Please write out, exactly as given, every line of the entries below up to and including the line with "text \<open>The Boolean".

BEGIN Entries supplied

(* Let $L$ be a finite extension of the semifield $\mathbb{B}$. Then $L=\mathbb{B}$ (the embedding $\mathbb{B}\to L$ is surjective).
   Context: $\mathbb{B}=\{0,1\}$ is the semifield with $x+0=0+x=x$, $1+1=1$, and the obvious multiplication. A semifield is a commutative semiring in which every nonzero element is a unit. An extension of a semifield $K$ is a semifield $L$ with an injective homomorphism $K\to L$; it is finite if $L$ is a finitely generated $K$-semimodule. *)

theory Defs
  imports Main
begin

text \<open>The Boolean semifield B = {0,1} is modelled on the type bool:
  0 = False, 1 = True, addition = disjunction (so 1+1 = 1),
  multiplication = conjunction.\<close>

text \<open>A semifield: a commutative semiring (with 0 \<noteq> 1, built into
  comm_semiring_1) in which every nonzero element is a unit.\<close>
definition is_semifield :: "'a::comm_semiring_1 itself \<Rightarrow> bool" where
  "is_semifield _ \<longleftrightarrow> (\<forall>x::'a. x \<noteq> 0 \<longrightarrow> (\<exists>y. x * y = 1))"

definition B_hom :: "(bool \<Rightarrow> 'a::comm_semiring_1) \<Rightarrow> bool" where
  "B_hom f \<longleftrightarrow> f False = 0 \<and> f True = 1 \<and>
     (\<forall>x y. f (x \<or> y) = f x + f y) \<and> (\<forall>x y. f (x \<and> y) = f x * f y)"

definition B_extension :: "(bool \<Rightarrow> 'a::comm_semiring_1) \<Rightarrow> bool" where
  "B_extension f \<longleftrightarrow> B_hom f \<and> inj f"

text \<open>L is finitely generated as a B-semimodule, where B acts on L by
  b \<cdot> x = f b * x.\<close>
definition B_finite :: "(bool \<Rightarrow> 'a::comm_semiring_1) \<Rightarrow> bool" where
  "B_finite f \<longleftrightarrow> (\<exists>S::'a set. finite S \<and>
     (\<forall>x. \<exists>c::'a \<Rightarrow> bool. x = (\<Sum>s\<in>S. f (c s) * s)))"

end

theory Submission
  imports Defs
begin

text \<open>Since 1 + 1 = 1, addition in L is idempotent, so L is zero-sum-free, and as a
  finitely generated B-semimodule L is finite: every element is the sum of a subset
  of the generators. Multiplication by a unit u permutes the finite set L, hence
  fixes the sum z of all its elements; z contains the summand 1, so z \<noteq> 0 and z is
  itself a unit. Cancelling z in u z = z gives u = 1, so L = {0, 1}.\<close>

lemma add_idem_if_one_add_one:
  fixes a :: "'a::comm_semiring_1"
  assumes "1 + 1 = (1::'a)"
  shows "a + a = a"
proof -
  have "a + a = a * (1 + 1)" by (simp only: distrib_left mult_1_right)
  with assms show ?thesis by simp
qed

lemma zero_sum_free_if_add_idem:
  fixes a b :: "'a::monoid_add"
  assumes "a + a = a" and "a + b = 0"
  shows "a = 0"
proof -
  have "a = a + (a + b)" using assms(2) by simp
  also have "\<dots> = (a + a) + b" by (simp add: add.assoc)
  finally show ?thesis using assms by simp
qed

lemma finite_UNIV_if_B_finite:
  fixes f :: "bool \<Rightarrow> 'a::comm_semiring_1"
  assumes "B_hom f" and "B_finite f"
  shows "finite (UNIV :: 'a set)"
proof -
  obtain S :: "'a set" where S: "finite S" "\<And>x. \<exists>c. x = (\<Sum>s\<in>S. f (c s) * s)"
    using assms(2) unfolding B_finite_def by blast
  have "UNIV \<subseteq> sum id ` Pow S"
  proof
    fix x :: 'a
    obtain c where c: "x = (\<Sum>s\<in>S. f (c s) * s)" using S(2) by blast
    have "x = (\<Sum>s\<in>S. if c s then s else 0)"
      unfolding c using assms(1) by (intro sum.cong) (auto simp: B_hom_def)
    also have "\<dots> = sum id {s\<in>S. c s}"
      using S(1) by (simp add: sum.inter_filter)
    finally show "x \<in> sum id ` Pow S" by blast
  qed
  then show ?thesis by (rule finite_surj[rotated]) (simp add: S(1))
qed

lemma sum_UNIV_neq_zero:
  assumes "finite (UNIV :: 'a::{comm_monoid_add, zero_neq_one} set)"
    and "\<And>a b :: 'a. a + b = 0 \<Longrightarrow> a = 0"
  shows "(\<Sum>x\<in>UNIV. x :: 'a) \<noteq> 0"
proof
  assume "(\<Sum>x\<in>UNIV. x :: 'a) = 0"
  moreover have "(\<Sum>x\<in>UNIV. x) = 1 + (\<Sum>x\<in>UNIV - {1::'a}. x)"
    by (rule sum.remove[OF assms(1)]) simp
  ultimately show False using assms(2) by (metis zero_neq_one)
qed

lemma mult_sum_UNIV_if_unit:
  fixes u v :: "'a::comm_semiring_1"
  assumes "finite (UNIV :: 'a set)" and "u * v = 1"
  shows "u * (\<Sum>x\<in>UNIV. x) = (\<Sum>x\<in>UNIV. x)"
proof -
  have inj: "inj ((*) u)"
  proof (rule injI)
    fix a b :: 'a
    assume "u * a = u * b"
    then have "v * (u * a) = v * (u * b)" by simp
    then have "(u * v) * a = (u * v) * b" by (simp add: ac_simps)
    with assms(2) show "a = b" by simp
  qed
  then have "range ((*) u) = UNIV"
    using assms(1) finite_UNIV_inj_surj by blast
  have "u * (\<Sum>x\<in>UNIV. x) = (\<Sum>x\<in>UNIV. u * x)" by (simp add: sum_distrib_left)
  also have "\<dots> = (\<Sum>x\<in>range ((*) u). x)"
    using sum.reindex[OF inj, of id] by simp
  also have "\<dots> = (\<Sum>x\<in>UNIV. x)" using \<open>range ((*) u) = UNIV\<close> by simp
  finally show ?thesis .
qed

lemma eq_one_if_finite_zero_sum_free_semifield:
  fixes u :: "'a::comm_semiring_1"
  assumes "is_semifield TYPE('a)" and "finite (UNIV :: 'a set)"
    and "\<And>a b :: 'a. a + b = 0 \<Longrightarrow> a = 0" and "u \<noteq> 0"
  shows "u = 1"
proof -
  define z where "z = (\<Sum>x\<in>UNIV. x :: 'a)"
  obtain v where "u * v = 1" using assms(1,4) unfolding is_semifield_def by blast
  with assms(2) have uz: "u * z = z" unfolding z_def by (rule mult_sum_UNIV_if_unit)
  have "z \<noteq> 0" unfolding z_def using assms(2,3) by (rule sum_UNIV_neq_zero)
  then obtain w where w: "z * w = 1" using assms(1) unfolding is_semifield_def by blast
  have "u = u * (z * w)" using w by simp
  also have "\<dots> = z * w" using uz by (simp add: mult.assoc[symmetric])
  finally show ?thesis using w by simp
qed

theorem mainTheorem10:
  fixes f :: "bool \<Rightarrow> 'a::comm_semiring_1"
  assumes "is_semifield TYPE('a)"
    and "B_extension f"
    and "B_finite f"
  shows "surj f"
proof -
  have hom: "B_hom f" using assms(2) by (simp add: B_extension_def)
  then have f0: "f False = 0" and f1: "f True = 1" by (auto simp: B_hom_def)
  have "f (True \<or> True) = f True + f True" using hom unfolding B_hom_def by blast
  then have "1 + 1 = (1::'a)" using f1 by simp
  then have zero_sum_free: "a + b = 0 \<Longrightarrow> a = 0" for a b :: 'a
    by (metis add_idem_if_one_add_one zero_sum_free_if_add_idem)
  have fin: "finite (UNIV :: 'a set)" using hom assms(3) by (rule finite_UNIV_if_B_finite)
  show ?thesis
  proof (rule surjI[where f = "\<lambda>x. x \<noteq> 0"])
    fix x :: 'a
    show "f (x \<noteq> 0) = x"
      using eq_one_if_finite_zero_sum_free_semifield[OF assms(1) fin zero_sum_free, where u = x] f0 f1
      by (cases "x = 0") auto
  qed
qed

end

END Entries supplied

Solved problem:
(* Let $L$ be a finite extension of the semifield $\mathbb{B}$. Then $L=\mathbb{B}$ (the embedding $\mathbb{B}\to L$ is surjective).
   Context: $\mathbb{B}=\{0,1\}$ is the semifield with $x+0=0+x=x$, $1+1=1$, and the obvious multiplication. A semifield is a commutative semiring in which every nonzero element is a unit. An extension of a semifield $K$ is a semifield $L$ with an injective homomorphism $K\to L$; it is finite if $L$ is a finitely generated $K$-semimodule. *)

theory Defs
  imports Main
begin

text \<open>The Boolean semifield B = {0,1} is modelled on the type bool:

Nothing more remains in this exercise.